= TASK DESCRIPTION =
Reproduce the records exactly through the line with "m_def by linarith+".

= EXERCISE INPUT =
-----
lemma smooth_step_mono:
  assumes "t \<le> t'"
  shows "smooth_step t \<le> smooth_step t'"
proof -
  have "flat_exp t * flat_exp (1 - t') \<le> flat_exp t' * flat_exp (1 - t)"
    using assms by (intro mult_mono flat_exp_mono) (auto simp: flat_exp_nonneg)
  then have "flat_exp t * (flat_exp t' + flat_exp (1 - t')) \<le>
      flat_exp t' * (flat_exp t + flat_exp (1 - t))"
    by (simp add: algebra_simps)
  then show ?thesis
    using smooth_step_denominator_pos[of t] smooth_step_denominator_pos[of t']
    by (simp add: smooth_step_def divide_simps mult.commute)
qed

definition smooth_hat :: "real \<Rightarrow> real" where
  "smooth_hat s = smooth_step (s + 1) - smooth_step s"

lemma real_smooth_smooth_hat: "real_smooth smooth_hat"
proof -
  have "real_smooth (\<lambda>s. smooth_step (1 * s + 1) + (-1) * smooth_step s)"
    by (intro real_smooth_add real_smooth_cmult real_smooth_compose_affine real_smooth_smooth_step)
  then show ?thesis unfolding smooth_hat_def[abs_def] by simp
qed

lemma smooth_hat_nonneg: "0 \<le> smooth_hat s"
  by (simp add: smooth_hat_def smooth_step_mono)

lemma smooth_hat_eq_0: "\<bar>s\<bar> \<ge> 1 \<Longrightarrow> smooth_hat s = 0"
  by (cases "s < 0") (simp_all add: smooth_hat_def smooth_step_eq_0 smooth_step_eq_1)

lemma sum_smooth_hat_translates:
  "(\<Sum>j\<in>{\<lfloor>s\<rfloor> - 1..\<lfloor>s\<rfloor> + 1}. smooth_hat (s - of_int j)) = 1"
proof -
  define m where "m = \<lfloor>s\<rfloor>"
  have m: "of_int m \<le> s" "s < of_int m + 1" unfolding m_def by linarith+
  have "{m - 1..m + 1} = {m - 1, m, m + 1}" by auto
  then show ?thesis
    using m by (simp add: m_def[symmetric] smooth_hat_def smooth_step_eq_0 smooth_step_eq_1)
qed

section \<open>Smoothness of local tensor sums\<close>

text \<open>Partial derivatives of finite sums of products of smooth functions of single coordinates are
  again of this form.\<close>

definition tensor_sum ::
    "('j set) \<Rightarrow> ('j \<Rightarrow> real) \<Rightarrow> ('j \<Rightarrow> 'a \<Rightarrow> real \<Rightarrow> real) \<Rightarrow> 'a::euclidean_space \<Rightarrow> real" where
  "tensor_sum J c u x = (\<Sum>j\<in>J. c j * (\<Prod>i\<in>Basis. u j i (x \<bullet> i)))"

definition deriv_factor ::
    "'a \<Rightarrow> ('j \<Rightarrow> 'a \<Rightarrow> real \<Rightarrow> real) \<Rightarrow> 'j \<Rightarrow> 'a::euclidean_space \<Rightarrow> real \<Rightarrow> real" where
  "deriv_factor b u j i = (if i = b then deriv (u j i) else u j i)"

lemma tensor_sum_has_derivative:
  assumes "\<forall>j i. real_smooth (u j i)"
  shows "(tensor_sum J c u has_derivative (\<lambda>v. \<Sum>j\<in>J. c j *
      (\<Sum>i\<in>Basis. (v \<bullet> i * deriv (u j i) (x \<bullet> i)) * (\<Prod>k\<in>Basis - {i}. u j k (x \<bullet> k))))) (at x)"
proof -
  have "((\<lambda>x. u j i (x \<bullet> i)) has_derivative (\<lambda>v. v \<bullet> i * deriv (u j i) (x \<bullet> i))) (at x)" for j i
    by (rule DERIV_compose_FDERIV[OF real_smooth_DERIV])
      (use assms in \<open>auto intro!: derivative_eq_intros\<close>)
  then show ?thesis unfolding tensor_sum_def[abs_def]
    by (intro has_derivative_sum has_derivative_mult_right has_derivative_prod)
qed

lemma frechet_derivative_tensor_sum:
  assumes "\<forall>j i. real_smooth (u j i)" "b \<in> Basis"
  shows "frechet_derivative (tensor_sum J c u) (at x) b = tensor_sum J c (deriv_factor b u) x"
proof -
  have "frechet_derivative (tensor_sum J c u) (at x) b =
      (\<Sum>j\<in>J. c j * (deriv (u j b) (x \<bullet> b) * (\<Prod>k\<in>Basis - {b}. u j k (x \<bullet> k))))"
    unfolding frechet_derivative_at[OF tensor_sum_has_derivative[OF assms(1)], symmetric]
    using sum_inner_Basis_eq[OF assms(2)] by (simp only: inner_commute[of b] mult.assoc)
  also have "\<dots> = tensor_sum J c (deriv_factor b u) x"
    unfolding tensor_sum_def
  proof (intro sum.cong refl)
    fix j
    have "(\<Prod>i\<in>Basis. deriv_factor b u j i (x \<bullet> i)) =
        deriv_factor b u j b (x \<bullet> b) * (\<Prod>i\<in>Basis - {b}. deriv_factor b u j i (x \<bullet> i))"
      using assms(2) by (simp add: prod.remove)
    also have "(\<Prod>i\<in>Basis - {b}. deriv_factor b u j i (x \<bullet> i)) = (\<Prod>k\<in>Basis - {b}. u j k (x \<bullet> k))"
      by (intro prod.cong refl) (simp add: deriv_factor_def)
    finally show "c j * (deriv (u j b) (x \<bullet> b) * (\<Prod>k\<in>Basis - {b}. u j k (x \<bullet> k))) =
        c j * (\<Prod>i\<in>Basis. deriv_factor b u j i (x \<bullet> i))"
      by (simp add: deriv_factor_def)
  qed
  finally show ?thesis .
qed

definition locally_tensor_sum :: "('a::euclidean_space \<Rightarrow> real) \<Rightarrow> bool" where
  "locally_tensor_sum F \<longleftrightarrow> (\<forall>x0. \<exists>U J c u. open U \<and> x0 \<in> U \<and> (\<forall>j i. real_smooth (u j i)) \<and>
      (\<forall>x\<in>U. F x = tensor_sum (J :: ('a \<Rightarrow> int) set) c u x))"

lemma smooth_coinduct_weak:
  assumes "X f" and "\<And>h. X h \<Longrightarrow> (\<forall>x. h differentiable (at x)) \<and>
     (\<forall>b\<in>Basis. X (\<lambda>x. frechet_derivative h (at x) b) \<or> smooth (\<lambda>x. frechet_derivative h (at x) b))"
  shows "smooth f"
  using assms(1) by (coinduction arbitrary: f rule: smooth.coinduct) (use assms(2) in simp)

lemma locally_tensor_sum_has_derivative:
  fixes h :: "'a::euclidean_space \<Rightarrow> real"
  assumes "locally_tensor_sum h"
  shows "\<exists>U J c u. open U \<and> x0 \<in> U \<and> (\<forall>j i. real_smooth (u j i)) \<and>
    (\<forall>x\<in>U. (h has_derivative frechet_derivative (tensor_sum (J :: ('a \<Rightarrow> int) set) c u) (at x)) (at x))"
proof -
  obtain U and J :: "('a \<Rightarrow> int) set" and c u where U: "open U" "x0 \<in> U"
    "\<forall>j i. real_smooth (u j i)" "\<forall>x\<in>U. h x = tensor_sum J c u x"
    using assms unfolding locally_tensor_sum_def by meson
  have "(h has_derivative frechet_derivative (tensor_sum J c u) (at x)) (at x)" if "x \<in> U" for x
  proof (rule has_derivative_transform_within_open[OF _ U(1) that])
    show "(tensor_sum J c u has_derivative frechet_derivative (tensor_sum J c u) (at x)) (at x)"
      using tensor_sum_has_derivative[OF U(3), of J c x]
        frechet_derivative_at[OF tensor_sum_has_derivative[OF U(3), of J c x]] by simp
  qed (use U(4) in simp)
  then show ?thesis using U(1-3) by blast
qed

lemma smooth_if_locally_tensor_sum:
  fixes F :: "'a::euclidean_space \<Rightarrow> real"
  shows "locally_tensor_sum F \<Longrightarrow> smooth F"
proof (rule smooth_coinduct_weak[where X=locally_tensor_sum])
  fix h :: "'a \<Rightarrow> real" assume h: "locally_tensor_sum h"
  note local = locally_tensor_sum_has_derivative[OF h]
  have "h differentiable (at x)" for x
    using local[of x] unfolding differentiable_def by blast
  moreover have "locally_tensor_sum (\<lambda>x. frechet_derivative h (at x) b)" if b: "b \<in> Basis" for b
    unfolding locally_tensor_sum_def
  proof
    fix x0
    obtain U and J :: "('a \<Rightarrow> int) set" and c u where U: "open U" "x0 \<in> U"
      "\<forall>j i. real_smooth (u j i)"
      "\<forall>x\<in>U. (h has_derivative frechet_derivative (tensor_sum J c u) (at x)) (at x)"
      using local[of x0] by meson
    have "\<forall>x\<in>U. frechet_derivative h (at x) b = tensor_sum J c (deriv_factor b u) x"
    proof
      fix x assume "x \<in> U"
      then have "frechet_derivative h (at x) = frechet_derivative (tensor_sum J c u) (at x)"
        using U(4) frechet_derivative_at by metis
      then show "frechet_derivative h (at x) b = tensor_sum J c (deriv_factor b u) x"
        using frechet_derivative_tensor_sum[OF U(3) b] by simp
    qed
    moreover have "\<forall>j i. real_smooth (deriv_factor b u j i)"
      using U(3) by (simp add: deriv_factor_def real_smooth_deriv)
    ultimately show "\<exists>U J c u. open U \<and> x0 \<in> U \<and> (\<forall>j i. real_smooth (u j i)) \<and>
        (\<forall>x\<in>U. frechet_derivative h (at x) b = tensor_sum (J :: ('a \<Rightarrow> int) set) c u x)"
      by (intro exI[of _ U] exI[of _ J] exI[of _ c] exI[of _ "deriv_factor b u"]) (use U(1,2) in simp)
  qed
  ultimately show "(\<forall>x. h differentiable (at x)) \<and> (\<forall>b\<in>Basis.
      locally_tensor_sum (\<lambda>x. frechet_derivative h (at x) b) \<or>
      smooth (\<lambda>x. frechet_derivative h (at x) b))"
    by simp
qed

section \<open>The grid partition of unity\<close>

text \<open>Summing over \<open>grid_near \<delta> x\<close> rather than over all grid points is harmless: the other weights
  vanish at \<open>x\<close> (\<open>grid_weight_eq_0\<close>).\<close>

definition grid_weight :: "real \<Rightarrow> ('a \<Rightarrow> int) \<Rightarrow> 'a::euclidean_space \<Rightarrow> real" where
  "grid_weight \<delta> z x = (\<Prod>i\<in>Basis. smooth_hat (x \<bullet> i / \<delta> - of_int (z i)))"

definition grid_near :: "real \<Rightarrow> 'a::euclidean_space \<Rightarrow> ('a \<Rightarrow> int) set" where
  "grid_near \<delta> x = PiE Basis (\<lambda>i. {\<lfloor>x \<bullet> i / \<delta>\<rfloor> - 1..\<lfloor>x \<bullet> i / \<delta>\<rfloor> + 1})"

definition quasi_interp :: "real \<Rightarrow> (('a \<Rightarrow> int) \<Rightarrow> real) \<Rightarrow> 'a::euclidean_space \<Rightarrow> real" where
  "quasi_interp \<delta> a x = (\<Sum>z\<in>grid_near \<delta> x. a z * grid_weight \<delta> z x)"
-----
= RESPONSE =
lemma smooth_step_mono:
  assumes "t \<le> t'"
  shows "smooth_step t \<le> smooth_step t'"
proof -
  have "flat_exp t * flat_exp (1 - t') \<le> flat_exp t' * flat_exp (1 - t)"
    using assms by (intro mult_mono flat_exp_mono) (auto simp: flat_exp_nonneg)
  then have "flat_exp t * (flat_exp t' + flat_exp (1 - t')) \<le>
      flat_exp t' * (flat_exp t + flat_exp (1 - t))"
    by (simp add: algebra_simps)
  then show ?thesis
    using smooth_step_denominator_pos[of t] smooth_step_denominator_pos[of t']
    by (simp add: smooth_step_def divide_simps mult.commute)
qed

definition smooth_hat :: "real \<Rightarrow> real" where
  "smooth_hat s = smooth_step (s + 1) - smooth_step s"

lemma real_smooth_smooth_hat: "real_smooth smooth_hat"
proof -
  have "real_smooth (\<lambda>s. smooth_step (1 * s + 1) + (-1) * smooth_step s)"
    by (intro real_smooth_add real_smooth_cmult real_smooth_compose_affine real_smooth_smooth_step)
  then show ?thesis unfolding smooth_hat_def[abs_def] by simp
qed

lemma smooth_hat_nonneg: "0 \<le> smooth_hat s"
  by (simp add: smooth_hat_def smooth_step_mono)

lemma smooth_hat_eq_0: "\<bar>s\<bar> \<ge> 1 \<Longrightarrow> smooth_hat s = 0"
  by (cases "s < 0") (simp_all add: smooth_hat_def smooth_step_eq_0 smooth_step_eq_1)

lemma sum_smooth_hat_translates:
  "(\<Sum>j\<in>{\<lfloor>s\<rfloor> - 1..\<lfloor>s\<rfloor> + 1}. smooth_hat (s - of_int j)) = 1"
proof -
  define m where "m = \<lfloor>s\<rfloor>"
  have m: "of_int m \<le> s" "s < of_int m + 1" unfolding m_def by linarith+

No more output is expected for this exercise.